Si les politiques sociales répondent clairement à des besoins étatiques, les diverses directions et institutions ne semblent pas particulièrement disposées à les contester, et les appliquent au contraire avec le zèle du bon petit soldat.

Comme l’illustre la lutte « modèle » des 6 EJE de la Société Philanthropique, ces mêmes directions ne reculent devant rien pour imposer ou justifier des mesures inégalitaires et injustes, et dévoilent une sournoiserie ahurissante pour briser les éventuelles contestations, en témoignent les attaques sur la culpabilité qui se placent directement sur le terrain personnel, humain, intime.

Nous noterons également la passivité caricaturale des bureaucraties syndicales, qui semblent peu enclines à mobiliser l’ensemble du travail social sur des questions qui touchent pourtant au cœur du métier et aux valeurs et idéaux portés par la plupart des travailleurs sociaux.

Ce schéma de collaboration des directions et des bureaucraties syndicales n’est pas sans rappeler les phénomènes observés dans tous les secteurs ouvriers et étudiants en lutte aujourd’hui.

Le travail social s’inscrit donc dans le même univers que les autres secteurs du travail, et les travailleurs sociaux s’inscrivent dans le même univers que les ouvriers.

Ils doivent impérativement non seulement défendre leurs conditions de travail et les valeurs qui les animent, passer à l’offensive pour exiger une évolution de leur condition jusqu’à la possibilité d’accompagner les personnes concernées sur une base humaniste, idéaliste et volontariste dénuée de toute logique capitaliste de rentabilité et d’exploitation, mais aussi défendre la cause du prolétariat dans son ensemble, en tant que prolétaire, afin de s’orienter vers une société rationnelle et elle-même débarrassée de l’exploitation inhérente au système capitaliste.

En conclusion, le mouvement des 6 EJE de l’Abri Temporaire d’Enfants de la Société Philanthropique symbolise parfaitement la conduite à tenir pour les travailleurs sociaux.

Armées d’une détermination impressionnante, ces Educatrices Jeunes Enfants ont su s’opposer à leur direction injuste, court-circuiter une bureaucratie syndicale rangée du côté de l’exploitation, et s’allier aux mouvements de grève existants pour rentrer dans une lutte plus large et dénoncer, à travers l’injustice d’une convention collective, la logique capitaliste de l’État.

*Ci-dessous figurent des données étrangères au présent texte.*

(* Let $n\ge 2$ and let $\mathcal{P}_E^c(Q_{4n})$ be the conjugacy super enhanced power graph of the generalized quaternion group $Q_{4n}$. (i) If $n$ is odd, the Sombor spectrum of $\mathcal{P}_E^c(Q_{4n})$ consists of $-(4n-1)\sqrt2$ with multiplicity $1$, $-(2n-1)\sqrt2$ with multiplicity $2n-3$, $-(2n+1)\sqrt2$ with multiplicity $2n-1$, and the three roots (with multiplicity) of \[\big(x-(4n-1)\sqrt2\big)\big(x-(2n-1)(2n-3)\sqrt2\big)\big(x-(2n-1)(2n+1)\sqrt2\big)-8(n-1)(10n^2-6n+1)\big(x-(2n-1)(2n+1)\sqrt2\big)-8n(10n^2-2n+1)\big(x-(2n-1)(2n-3)\sqrt2\big).\] (ii) If $n$ is even, the Sombor spectrum consists of $-(4n-1)\sqrt2$ with multiplicity $1$, $-(2n-1)\sqrt2$ with multiplicity $2n-3$, $-(n+1)\sqrt2$ with multiplicity $2n-2$, $(n^2-1)\sqrt2$ with multiplicity $1$, and the three roots (with multiplicity) of \[\big(x-(4n-1)\sqrt2\big)\big(x-(n-1)(n+1)\sqrt2\big)\big(x-(2n-1)(2n-3)\sqrt2\big)-8(n-1)(10n^2-6n+1)\big(x-(n-1)(n+1)\sqrt2\big)-4n(17n^2-6n+2)\big(x-(2n-3)(2n-1)\sqrt2\big).\]
   Context: For a finite simple graph $\Gamma$ with vertices $u_1,\dots,u_N$, the Sombor matrix $S(\Gamma)$ has $(i,j)$ entry $\sqrt{\deg(u_i)^2+\deg(u_j)^2}$ if $u_i,u_j$ are adjacent and $0$ otherwise; the Sombor spectrum is the multiset of its eigenvalues. $Q_{4n}=\langle a,b: a^{2n}=e,\ a^n=b^2,\ ba=a^{-1}b\rangle$. The enhanced power graph $\mathcal{P}_E(G)$ has vertex set $G$, distinct vertices adjacent iff they lie in a common cyclic subgroup. The conjugacy super enhanced power graph $\mathcal{P}_E^c(G)$ has vertex set $G$, and distinct $g,h$ are adjacent iff $g,h$ are conjugate or there exist $g'$ conjugate to $g$ and $h'$ conjugate to $h$ adjacent in $\mathcal{P}_E(G)$. *)

theory Defs
  imports "HOL-Algebra.Group" "HOL-Algebra.Generated_Groups" "Jordan_Normal_Form.Char_Poly"
begin

text \<open>Concrete model of Q_{4n}: the pair (i,j) with i < 2n, j < 2 stands for a^i b^j.
  Multiplication uses b^j a^k = a^((-1)^j k) b^j and b^2 = a^n.\<close>
definition Q4n_mult :: "nat \<Rightarrow> nat \<times> nat \<Rightarrow> nat \<times> nat \<Rightarrow> nat \<times> nat" where
  "Q4n_mult n x y =
     ((fst x + (if snd x = 0 then fst y else 2*n - fst y)
         + (if snd x = 1 \<and> snd y = 1 then n else 0)) mod (2*n),
      (snd x + snd y) mod 2)"
lemma qu_omega_eq_far_generated:
  assumes qu: "quasi_uniformity X \<V>"
  shows "qu_omega X \<V> = far_generated X \<V>"
  unfolding qu_omega_def
proof (rule the_equality)
  have member: "far_generated X \<V> \<in> qprox_class X (qprox X \<V>)"
    using quasi_uniformity_far_generated[OF qu] qprox_eq_if_far_eq[OF far_far_generated[OF qu]]
    unfolding qprox_class_def by blast
  have coarsest: "\<forall>\<W>\<in>qprox_class X (qprox X \<V>). far_generated X \<V> \<subseteq> \<W>"
    using far_generated_coarsest unfolding qprox_class_def by blast
  from member coarsest show "far_generated X \<V> \<in> qprox_class X (qprox X \<V>) \<and>
      (\<forall>\<W>\<in>qprox_class X (qprox X \<V>). far_generated X \<V> \<subseteq> \<W>)" ..
  fix \<W> assume "\<W> \<in> qprox_class X (qprox X \<V>) \<and>
      (\<forall>\<W>'\<in>qprox_class X (qprox X \<V>). \<W> \<subseteq> \<W>')"
  with member coarsest show "\<W> = far_generated X \<V>" by (blast intro: subset_antisym)
qed

lemma openin_transitive_Image:
  assumes "qu_compatible \<tau> \<V>" "quasi_uniformity (topspace \<tau>) \<V>" "U \<in> \<V>" "U O U \<subseteq> U"
  shows "openin \<tau> (U `` A)"
proof -
  have "U `` {x} \<subseteq> U `` A" if "x \<in> U `` A" for x
    using that assms(4) by blast
  moreover have "U `` A \<subseteq> topspace \<tau>"
    using quasi_uniformity_subset[OF assms(2,3)] by blast
  ultimately show ?thesis
    using assms(1,3) unfolding qu_compatible_def by blast
qed

lemma far_transitive_Image_complement:
  assumes "quasi_uniformity X \<V>" "U \<in> \<V>" "U O U \<subseteq> U"
  shows "(U `` A, X - U `` A) \<in> far X \<V>"
proof -
  have "(U `` A \<times> (X - U `` A)) \<inter> U = {}" using assms(3) by blast
  moreover have "U `` A \<subseteq> X" using quasi_uniformity_subset[OF assms(1,2)] by blast
  ultimately show ?thesis using assms(2) unfolding far_def by blast
qed

theorem lemma2p2:
  fixes \<tau> :: "'a topology" and \<V> :: "('a \<times> 'a) set set" and U :: "('a \<times> 'a) set"
    and A :: "'a set"
  assumes "\<V> \<in> Tqu \<tau>"
    and "U \<in> \<V>" and "U O U \<subseteq> U"
    and "A \<subseteq> topspace \<tau>"
  shows "U `` A \<in> Bset \<tau> (qu_omega (topspace \<tau>) \<V>)"
proof -
  have qu: "quasi_uniformity (topspace \<tau>) \<V>" and comp: "qu_compatible \<tau> \<V>"
    using assms(1) unfolding Tqu_def by auto
  have "openin \<tau> (U `` A)"
    using comp qu assms(2,3) by (rule openin_transitive_Image)
  moreover have "far_entourage (topspace \<tau>) (U `` A) (topspace \<tau> - U `` A)
      \<in> far_generated (topspace \<tau>) \<V>"
    using far_transitive_Image_complement[OF qu assms(2,3)] by (rule far_entourage_in_far_generated)
  ultimately show ?thesis
    unfolding Bset_def qu_omega_eq_far_generated[OF qu]
    by (simp add: far_entourage_complement openin_subset)
qed

end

Leur mouvement a abouti à une victoire vis-à-vis de leurs conditions de travail, et il nous est aujourd’hui permis d’espérer que leur combat contre la convention collective 51 sera source d’inspiration pour les autres EJE soumis à cette convention injuste, mais aussi pour tous les ouvriers qui verront dans ce succès une démonstration de la force de la grève reconductible, et des failles qui lézardent l’apparente muraille infranchissable que représente l’alliance de l’État capitaliste, des directions et des bureaucraties syndicales.